(Saved data entries)
========================

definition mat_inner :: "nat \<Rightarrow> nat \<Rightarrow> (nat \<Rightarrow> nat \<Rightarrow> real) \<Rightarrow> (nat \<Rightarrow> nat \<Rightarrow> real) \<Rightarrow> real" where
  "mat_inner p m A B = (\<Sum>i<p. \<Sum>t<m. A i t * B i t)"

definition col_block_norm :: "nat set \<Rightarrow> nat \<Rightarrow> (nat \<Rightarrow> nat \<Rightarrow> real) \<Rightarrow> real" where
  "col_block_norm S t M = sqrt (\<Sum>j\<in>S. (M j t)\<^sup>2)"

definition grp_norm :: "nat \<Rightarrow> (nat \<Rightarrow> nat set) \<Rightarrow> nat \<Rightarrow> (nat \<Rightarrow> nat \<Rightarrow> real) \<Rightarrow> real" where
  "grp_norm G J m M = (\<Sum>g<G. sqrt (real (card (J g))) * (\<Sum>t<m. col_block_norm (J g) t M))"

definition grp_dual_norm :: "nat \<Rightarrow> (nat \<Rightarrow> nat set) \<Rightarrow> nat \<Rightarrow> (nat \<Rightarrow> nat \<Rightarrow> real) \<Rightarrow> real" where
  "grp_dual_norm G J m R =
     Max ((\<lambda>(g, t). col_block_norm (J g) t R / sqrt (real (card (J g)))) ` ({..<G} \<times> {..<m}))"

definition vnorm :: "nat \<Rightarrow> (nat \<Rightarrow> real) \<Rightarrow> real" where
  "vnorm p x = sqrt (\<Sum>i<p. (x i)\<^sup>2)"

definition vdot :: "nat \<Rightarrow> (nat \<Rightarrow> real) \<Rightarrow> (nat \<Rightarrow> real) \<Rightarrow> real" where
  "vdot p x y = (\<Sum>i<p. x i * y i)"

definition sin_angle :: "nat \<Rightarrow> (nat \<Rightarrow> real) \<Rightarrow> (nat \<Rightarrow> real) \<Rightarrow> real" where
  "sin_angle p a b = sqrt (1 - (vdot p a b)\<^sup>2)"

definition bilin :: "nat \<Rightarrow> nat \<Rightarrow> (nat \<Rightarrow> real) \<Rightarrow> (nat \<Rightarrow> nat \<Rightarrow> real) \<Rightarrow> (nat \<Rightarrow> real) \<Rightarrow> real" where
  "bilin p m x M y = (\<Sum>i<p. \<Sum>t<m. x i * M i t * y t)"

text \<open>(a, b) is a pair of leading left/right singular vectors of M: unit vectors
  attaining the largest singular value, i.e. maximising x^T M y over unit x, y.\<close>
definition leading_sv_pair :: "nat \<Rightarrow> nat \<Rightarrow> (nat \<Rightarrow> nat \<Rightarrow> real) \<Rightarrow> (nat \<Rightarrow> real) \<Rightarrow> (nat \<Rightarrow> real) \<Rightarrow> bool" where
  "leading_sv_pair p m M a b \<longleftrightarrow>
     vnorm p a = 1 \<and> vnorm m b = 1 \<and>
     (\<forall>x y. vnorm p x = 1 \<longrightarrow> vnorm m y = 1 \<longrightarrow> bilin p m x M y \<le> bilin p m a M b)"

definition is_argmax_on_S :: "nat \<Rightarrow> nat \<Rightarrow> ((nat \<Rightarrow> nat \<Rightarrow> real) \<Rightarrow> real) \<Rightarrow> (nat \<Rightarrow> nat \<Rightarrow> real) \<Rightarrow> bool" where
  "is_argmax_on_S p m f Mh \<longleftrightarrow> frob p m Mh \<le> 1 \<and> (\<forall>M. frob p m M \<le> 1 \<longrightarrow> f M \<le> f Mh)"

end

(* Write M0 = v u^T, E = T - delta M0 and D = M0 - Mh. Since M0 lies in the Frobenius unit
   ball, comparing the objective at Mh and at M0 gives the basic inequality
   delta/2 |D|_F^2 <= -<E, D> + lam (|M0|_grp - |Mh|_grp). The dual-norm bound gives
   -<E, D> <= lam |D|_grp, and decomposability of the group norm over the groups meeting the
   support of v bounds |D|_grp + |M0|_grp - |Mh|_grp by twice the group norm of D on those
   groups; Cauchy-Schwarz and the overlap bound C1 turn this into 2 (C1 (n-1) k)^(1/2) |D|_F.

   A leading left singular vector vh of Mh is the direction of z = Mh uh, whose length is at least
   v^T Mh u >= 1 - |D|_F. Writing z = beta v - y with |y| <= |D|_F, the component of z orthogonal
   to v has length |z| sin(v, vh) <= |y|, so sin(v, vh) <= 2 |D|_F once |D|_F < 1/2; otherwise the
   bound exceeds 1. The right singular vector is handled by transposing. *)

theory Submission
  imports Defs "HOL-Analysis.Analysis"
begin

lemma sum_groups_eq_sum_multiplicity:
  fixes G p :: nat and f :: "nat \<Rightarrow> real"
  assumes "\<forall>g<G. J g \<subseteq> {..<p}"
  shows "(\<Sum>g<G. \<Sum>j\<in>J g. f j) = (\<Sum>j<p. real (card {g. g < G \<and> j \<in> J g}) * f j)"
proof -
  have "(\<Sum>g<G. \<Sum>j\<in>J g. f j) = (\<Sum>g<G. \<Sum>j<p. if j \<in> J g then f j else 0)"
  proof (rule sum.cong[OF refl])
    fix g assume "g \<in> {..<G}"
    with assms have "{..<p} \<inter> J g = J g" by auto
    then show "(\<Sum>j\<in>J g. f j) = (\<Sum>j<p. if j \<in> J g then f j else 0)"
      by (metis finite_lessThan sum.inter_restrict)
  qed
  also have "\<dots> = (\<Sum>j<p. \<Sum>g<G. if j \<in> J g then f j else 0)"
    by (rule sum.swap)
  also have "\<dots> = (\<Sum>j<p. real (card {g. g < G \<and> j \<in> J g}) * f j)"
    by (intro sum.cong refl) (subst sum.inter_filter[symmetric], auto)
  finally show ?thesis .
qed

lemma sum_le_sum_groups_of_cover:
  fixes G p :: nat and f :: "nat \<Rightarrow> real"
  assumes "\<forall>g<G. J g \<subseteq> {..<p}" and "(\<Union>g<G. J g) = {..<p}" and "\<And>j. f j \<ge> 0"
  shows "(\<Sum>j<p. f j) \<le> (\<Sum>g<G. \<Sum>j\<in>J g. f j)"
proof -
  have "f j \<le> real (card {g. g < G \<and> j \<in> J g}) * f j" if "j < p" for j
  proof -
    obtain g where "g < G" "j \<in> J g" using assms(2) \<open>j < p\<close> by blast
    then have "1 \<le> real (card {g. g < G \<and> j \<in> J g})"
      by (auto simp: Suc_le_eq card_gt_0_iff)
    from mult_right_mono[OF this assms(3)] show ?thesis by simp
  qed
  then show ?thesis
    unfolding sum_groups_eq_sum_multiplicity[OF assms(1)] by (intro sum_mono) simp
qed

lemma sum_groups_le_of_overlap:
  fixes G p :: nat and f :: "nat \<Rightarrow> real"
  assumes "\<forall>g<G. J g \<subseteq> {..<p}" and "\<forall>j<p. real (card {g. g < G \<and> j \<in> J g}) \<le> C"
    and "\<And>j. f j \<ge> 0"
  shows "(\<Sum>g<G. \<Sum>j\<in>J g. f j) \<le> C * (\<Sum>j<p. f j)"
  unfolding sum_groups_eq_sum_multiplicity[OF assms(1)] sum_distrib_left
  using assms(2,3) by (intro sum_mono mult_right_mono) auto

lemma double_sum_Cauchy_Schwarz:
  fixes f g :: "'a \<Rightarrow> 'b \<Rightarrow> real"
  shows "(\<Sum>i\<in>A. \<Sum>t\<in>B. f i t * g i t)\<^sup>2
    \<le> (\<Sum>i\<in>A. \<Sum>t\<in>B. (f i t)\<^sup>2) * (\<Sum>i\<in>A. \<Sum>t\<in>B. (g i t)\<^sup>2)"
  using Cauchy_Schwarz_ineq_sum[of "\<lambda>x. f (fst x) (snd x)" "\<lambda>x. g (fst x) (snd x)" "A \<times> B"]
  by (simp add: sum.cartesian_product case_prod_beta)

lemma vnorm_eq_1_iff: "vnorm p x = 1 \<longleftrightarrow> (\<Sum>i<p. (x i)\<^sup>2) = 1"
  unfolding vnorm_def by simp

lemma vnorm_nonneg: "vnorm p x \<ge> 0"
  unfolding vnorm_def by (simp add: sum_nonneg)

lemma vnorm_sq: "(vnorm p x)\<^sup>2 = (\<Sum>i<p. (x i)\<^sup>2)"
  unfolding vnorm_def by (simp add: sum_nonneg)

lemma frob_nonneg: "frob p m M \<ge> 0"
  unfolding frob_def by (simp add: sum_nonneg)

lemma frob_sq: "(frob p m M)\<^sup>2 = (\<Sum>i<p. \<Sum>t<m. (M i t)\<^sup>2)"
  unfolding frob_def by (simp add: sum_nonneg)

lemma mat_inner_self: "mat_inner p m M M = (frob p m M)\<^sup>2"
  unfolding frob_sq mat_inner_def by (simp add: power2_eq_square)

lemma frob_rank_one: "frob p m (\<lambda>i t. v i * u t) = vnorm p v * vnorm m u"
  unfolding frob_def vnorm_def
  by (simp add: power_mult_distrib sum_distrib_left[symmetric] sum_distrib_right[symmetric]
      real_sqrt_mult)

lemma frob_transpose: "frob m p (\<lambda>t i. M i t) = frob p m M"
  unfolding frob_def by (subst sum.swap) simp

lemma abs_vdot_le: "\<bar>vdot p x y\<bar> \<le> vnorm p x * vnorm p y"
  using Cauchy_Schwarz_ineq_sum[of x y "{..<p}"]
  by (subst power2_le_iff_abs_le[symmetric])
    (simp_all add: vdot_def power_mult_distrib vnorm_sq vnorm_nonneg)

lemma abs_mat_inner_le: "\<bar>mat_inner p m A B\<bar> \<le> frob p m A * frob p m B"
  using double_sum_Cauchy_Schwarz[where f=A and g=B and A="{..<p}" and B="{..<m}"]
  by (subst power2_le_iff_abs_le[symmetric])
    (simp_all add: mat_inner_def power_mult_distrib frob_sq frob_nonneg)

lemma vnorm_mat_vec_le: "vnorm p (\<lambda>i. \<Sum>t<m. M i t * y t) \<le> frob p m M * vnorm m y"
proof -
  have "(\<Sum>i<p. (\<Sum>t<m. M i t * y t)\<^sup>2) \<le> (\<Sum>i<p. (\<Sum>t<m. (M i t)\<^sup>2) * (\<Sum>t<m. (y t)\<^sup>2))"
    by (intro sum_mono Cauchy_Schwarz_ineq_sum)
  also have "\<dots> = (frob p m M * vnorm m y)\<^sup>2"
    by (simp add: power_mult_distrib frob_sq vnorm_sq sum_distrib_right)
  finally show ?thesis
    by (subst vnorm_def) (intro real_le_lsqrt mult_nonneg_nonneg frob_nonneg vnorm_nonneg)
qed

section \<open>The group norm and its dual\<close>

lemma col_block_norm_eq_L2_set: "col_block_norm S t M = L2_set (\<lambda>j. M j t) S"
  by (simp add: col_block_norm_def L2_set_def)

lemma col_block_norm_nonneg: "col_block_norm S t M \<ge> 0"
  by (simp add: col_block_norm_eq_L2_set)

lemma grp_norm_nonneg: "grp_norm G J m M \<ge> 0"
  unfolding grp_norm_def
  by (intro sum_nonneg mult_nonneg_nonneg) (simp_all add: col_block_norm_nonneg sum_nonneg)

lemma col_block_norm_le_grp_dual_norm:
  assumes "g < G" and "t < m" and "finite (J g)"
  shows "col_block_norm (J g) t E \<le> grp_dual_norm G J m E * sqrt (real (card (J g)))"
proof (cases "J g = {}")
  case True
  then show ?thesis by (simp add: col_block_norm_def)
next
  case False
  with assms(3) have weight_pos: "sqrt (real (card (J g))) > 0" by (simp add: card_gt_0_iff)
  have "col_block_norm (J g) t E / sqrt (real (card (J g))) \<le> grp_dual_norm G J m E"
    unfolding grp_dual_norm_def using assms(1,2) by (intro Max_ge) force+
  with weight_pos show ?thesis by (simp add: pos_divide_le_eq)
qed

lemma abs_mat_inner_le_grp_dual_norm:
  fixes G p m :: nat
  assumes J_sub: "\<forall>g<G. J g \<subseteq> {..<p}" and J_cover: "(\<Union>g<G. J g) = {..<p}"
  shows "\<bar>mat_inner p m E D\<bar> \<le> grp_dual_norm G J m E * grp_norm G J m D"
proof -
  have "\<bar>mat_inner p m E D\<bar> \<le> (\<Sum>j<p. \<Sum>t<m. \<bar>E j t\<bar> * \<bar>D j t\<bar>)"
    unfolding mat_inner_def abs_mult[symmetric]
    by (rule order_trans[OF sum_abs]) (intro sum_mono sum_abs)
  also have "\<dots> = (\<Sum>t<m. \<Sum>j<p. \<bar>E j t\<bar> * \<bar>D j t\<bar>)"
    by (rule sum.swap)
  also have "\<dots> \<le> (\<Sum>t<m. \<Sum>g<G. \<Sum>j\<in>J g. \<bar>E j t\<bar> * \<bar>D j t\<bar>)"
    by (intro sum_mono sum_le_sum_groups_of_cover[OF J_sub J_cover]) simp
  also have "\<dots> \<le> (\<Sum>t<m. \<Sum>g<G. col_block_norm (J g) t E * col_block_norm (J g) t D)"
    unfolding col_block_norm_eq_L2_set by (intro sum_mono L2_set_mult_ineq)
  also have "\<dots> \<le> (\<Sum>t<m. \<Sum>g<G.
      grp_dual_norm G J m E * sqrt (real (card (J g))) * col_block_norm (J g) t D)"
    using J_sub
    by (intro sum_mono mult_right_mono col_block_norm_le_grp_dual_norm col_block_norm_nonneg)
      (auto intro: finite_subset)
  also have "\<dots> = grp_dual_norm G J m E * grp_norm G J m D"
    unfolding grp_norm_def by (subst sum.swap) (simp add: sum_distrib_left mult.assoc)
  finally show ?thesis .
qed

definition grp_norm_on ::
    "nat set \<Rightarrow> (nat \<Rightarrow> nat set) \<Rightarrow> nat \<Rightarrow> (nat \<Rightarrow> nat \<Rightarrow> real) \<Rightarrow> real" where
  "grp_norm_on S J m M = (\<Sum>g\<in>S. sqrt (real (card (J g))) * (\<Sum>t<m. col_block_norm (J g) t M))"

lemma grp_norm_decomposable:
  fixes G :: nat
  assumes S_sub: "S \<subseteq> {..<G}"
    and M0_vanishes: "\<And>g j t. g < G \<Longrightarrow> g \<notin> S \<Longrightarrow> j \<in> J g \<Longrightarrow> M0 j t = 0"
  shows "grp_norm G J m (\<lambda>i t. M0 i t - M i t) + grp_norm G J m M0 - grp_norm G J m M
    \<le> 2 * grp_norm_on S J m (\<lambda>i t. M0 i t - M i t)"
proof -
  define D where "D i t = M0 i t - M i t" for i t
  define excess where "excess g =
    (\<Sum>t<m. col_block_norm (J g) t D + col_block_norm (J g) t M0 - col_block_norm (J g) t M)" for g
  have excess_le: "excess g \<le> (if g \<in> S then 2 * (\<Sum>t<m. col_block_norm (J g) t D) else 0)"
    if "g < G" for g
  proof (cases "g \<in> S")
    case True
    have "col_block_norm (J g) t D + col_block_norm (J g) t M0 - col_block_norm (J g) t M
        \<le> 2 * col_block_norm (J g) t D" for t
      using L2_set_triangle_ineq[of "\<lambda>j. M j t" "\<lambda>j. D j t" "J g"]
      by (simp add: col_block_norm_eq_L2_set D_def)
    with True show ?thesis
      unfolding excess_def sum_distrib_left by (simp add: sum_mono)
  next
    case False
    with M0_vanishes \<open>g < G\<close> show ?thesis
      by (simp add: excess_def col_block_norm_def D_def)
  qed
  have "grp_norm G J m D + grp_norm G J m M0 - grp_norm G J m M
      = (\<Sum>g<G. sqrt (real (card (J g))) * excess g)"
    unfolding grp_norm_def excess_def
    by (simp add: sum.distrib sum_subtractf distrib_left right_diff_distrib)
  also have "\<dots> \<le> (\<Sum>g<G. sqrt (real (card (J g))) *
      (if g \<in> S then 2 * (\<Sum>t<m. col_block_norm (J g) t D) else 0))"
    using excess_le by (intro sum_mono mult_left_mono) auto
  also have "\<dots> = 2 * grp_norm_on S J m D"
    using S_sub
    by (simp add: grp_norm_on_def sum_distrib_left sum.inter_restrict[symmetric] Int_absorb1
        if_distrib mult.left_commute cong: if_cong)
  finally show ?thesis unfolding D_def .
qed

========================

_What to produce_
If a line of the entries above holds "swap", count it, then report the total alone.

_Response to this exercise_
4